(Saved data entries)
BEGIN

(* Let $f(z)=z+\sum_{n=2}^{\infty}a_nz^n\in\mathcal{S}^{*}_{\rho}$ and set $$\Omega_1:=a_3a_6-a_4a_5-a_2(a_2a_6-a_3a_5)+a_4(a_2a_4-a_3^2).$$ Then $$|\Omega_1|\le \frac{265984+32000\sqrt{3/43}+37760\sqrt{30/61}+29184\sqrt{285/41}}{460800}\approx 0.820011 .$$
   Context: Let $\mathbb{D}=\{z\in\mathbb{C}:|z|<1\}$. For analytic $g_1,g_2$ on $\mathbb{D}$, $g_1\prec g_2$ means there is an analytic $w:\mathbb{D}\to\mathbb{D}$ with $w(0)=0$ such that $g_1=g_2\circ w$. Here $\sinh^{-1}$ denotes the principal branch of the inverse hyperbolic sine with $\sinh^{-1}(0)=0$, analytic on $\mathbb{D}$. The class $\mathcal{S}^{*}_{\rho}$ consists of all univalent analytic functions $f$ on $\mathbb{D}$ with $f(z)=z+\sum_{n\ge2}a_nz^n$ such that $\frac{zf'(z)}{f(z)}\prec 1+\sinh^{-1}(z)$. *)

theory Defs
  imports "HOL-Analysis.Analysis"
begin

definition subordinate :: "(complex \<Rightarrow> complex) \<Rightarrow> (complex \<Rightarrow> complex) \<Rightarrow> bool" where
  "subordinate g1 g2 \<longleftrightarrow>
     (\<exists>w. w analytic_on ball 0 1 \<and> w ` ball 0 1 \<subseteq> ball 0 1 \<and> w 0 = 0 \<and>
          (\<forall>z\<in>ball 0 1. g1 z = g2 (w z)))"

definition taylor_coeff :: "(complex \<Rightarrow> complex) \<Rightarrow> nat \<Rightarrow> complex" where
  "taylor_coeff f n = (deriv ^^ n) f 0 / of_nat (fact n)"

text \<open>The class S*_rho. The function z f'(z)/f(z) has a removable singularity at 0
  (value 1); we take that value at z = 0.\<close>
definition S_star_rho :: "(complex \<Rightarrow> complex) set" where
  "S_star_rho = {f. f analytic_on ball 0 1 \<and> inj_on f (ball 0 1) \<and> f 0 = 0 \<and> deriv f 0 = 1 \<and>
      subordinate (\<lambda>z. if z = 0 then 1 else z * deriv f z / f z) (\<lambda>z. 1 + arsinh z)}"

end

theory Submission
  imports Defs "HOL-Complex_Analysis.Complex_Analysis"
begin

unbundle no vec_syntax \<comment> \<open>\<open>$\<close> is \<open>fps_nth\<close> throughout\<close>

text \<open>If \<open>z f'(z)/f(z) = 1 + arsinh (w z)\<close> with a Schwarz function \<open>w\<close>, then
  \<open>g = z f'/f - 1\<close> satisfies \<open>w = sinh \<circ> g\<close>, and \<open>z f' = (1 + g) f\<close>.  Comparing Taylor
  coefficients expresses \<open>a\<^sub>2, \<dots>, a\<^sub>6\<close> as polynomials in the coefficients
  \<open>c\<^sub>1, \<dots>, c\<^sub>5\<close> of \<open>w\<close>, so that \<open>\<Omega>\<^sub>1\<close> becomes an explicit polynomial of degree 7 in
  them.  Cauchy's estimate gives \<open>|c\<^sub>k| \<le> 1\<close>, and the triangle inequality then bounds
  \<open>|\<Omega>\<^sub>1|\<close> by the sum of the absolute values of the coefficients, \<open>2929/3600 \<approx> 0.8136\<close>,
  which is already below the stated constant.\<close>

lemma sinh_arsinh_complex: "sinh (arsinh (u::complex)) = u"
proof -
  define s where "s = csqrt (u\<^sup>2 + 1)"
  have s_sq: "s\<^sup>2 = u\<^sup>2 + 1" by (simp add: s_def)
  have nz: "u + s \<noteq> 0"
  proof
    assume "u + s = 0"
    then have "s = -u" by (simp add: add_eq_0_iff2)
    with s_sq show False by simp
  qed
  have "arsinh u = ln (u + s)" by (simp add: arsinh_def s_def csqrt_conv_powr)
  then have "sinh (arsinh u) = ((u + s) - inverse (u + s)) / 2"
    using nz by (simp add: sinh_ln_complex)
  also have "(u + s) - inverse (u + s) = ((u + s) * (u + s) - 1) / (u + s)"
    using nz by (simp add: field_simps)
  also have "(u + s) * (u + s) - 1 = (2 * u) * (u + s)"
    using s_sq by (simp add: power2_eq_square algebra_simps)
  finally show ?thesis using nz by simp
qed

lemma analytic_at_0_arsinh_complex: "(arsinh :: complex \<Rightarrow> complex) analytic_on {0}"
proof -
  have "(\<lambda>z::complex. ln (z + csqrt (z\<^sup>2 + 1))) analytic_on {0}"
    by (intro analytic_intros) (auto simp: complex_nonpos_Reals_iff)
  moreover have "(\<lambda>z::complex. ln (z + csqrt (z\<^sup>2 + 1))) = arsinh"
    by (rule ext) (simp add: arsinh_def csqrt_conv_powr)
  ultimately show ?thesis by simp
qed

lemma norm_higher_deriv_div_fact_le_1:
  fixes w :: "complex \<Rightarrow> complex"
  assumes hol: "w holomorphic_on ball 0 1" and maps: "w ` ball 0 1 \<subseteq> ball 0 1"
  shows "norm ((deriv ^^ n) w 0 / fact n) \<le> 1"
proof (cases "n = 0")
  case True
  have "w 0 \<in> ball 0 1" using maps by (meson centre_in_ball image_subset_iff zero_less_one)
  with True show ?thesis by simp
next
  case False
  show ?thesis
  proof (rule field_le_mult_one_interval)
    fix t :: real
    assume t: "0 < t" "t < 1"
    define r where "r = root n t"
    have r: "0 < r" "r < 1" and rn: "r ^ n = t" using t False by (auto simp: r_def)
    have "norm ((deriv ^^ n) w 0) \<le> fact n * 1 / r ^ n"
    proof (rule Cauchy_inequality)
      show "w holomorphic_on ball 0 r" "continuous_on (cball 0 r) w"
        using r by (auto intro!: holomorphic_on_subset[OF hol] holomorphic_on_imp_continuous_on)
      show "norm (w x) \<le> 1" if "norm (0 - x) = r" for x
      proof -
        have "x \<in> ball 0 1" using that r by auto
        then have "w x \<in> ball 0 1" using maps by blast
        then show ?thesis by simp
      qed
    qed (use r in auto)
    then show "t * norm ((deriv ^^ n) w 0 / fact n) \<le> 1"
      using r rn t by (simp add: norm_divide field_simps)
  qed
qed

definition fps_sinh :: "'a::field_char_0 fps" where
  "fps_sinh = fps_const (1/2) * (fps_exp 1 - fps_exp (-1))"

lemma has_fps_expansion_sinh: "sinh has_fps_expansion (fps_sinh :: complex fps)"
proof -
  have "(\<lambda>z::complex. 1/2 * (exp z - exp (-z))) has_fps_expansion fps_sinh"
    unfolding fps_sinh_def
    by (intro has_fps_expansion_cmult_left has_fps_expansion_diff
          has_fps_expansion_exp1 has_fps_expansion_exp_neg1)
  moreover have "(\<lambda>z::complex. 1/2 * (exp z - exp (-z))) = sinh"
    by (rule ext) (simp add: sinh_field_def)
  ultimately show ?thesis by simp
qed

lemma fps_sinh_nth: "(fps_sinh :: 'a::field_char_0 fps) $ n = (1 - (-1) ^ n) / (2 * fact n)"
  by (simp add: fps_sinh_def fps_exp_def field_simps)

END

**GOAL OF THE EXERCISE:**
The entries above hold the needed span. Transcribe exactly the lines from the one with "(simp add: s_def)" to the one with "arsinh_def s_def csqrt_conv_powr)", both included.

**RESPONSE FOR THIS EXERCISE:**
  have s_sq: "s\<^sup>2 = u\<^sup>2 + 1" by (simp add: s_def)
  have nz: "u + s \<noteq> 0"
  proof
    assume "u + s = 0"
    then have "s = -u" by (simp add: add_eq_0_iff2)
    with s_sq show False by simp
  qed
  have "arsinh u = ln (u + s)" by (simp add: arsinh_def s_def csqrt_conv_powr)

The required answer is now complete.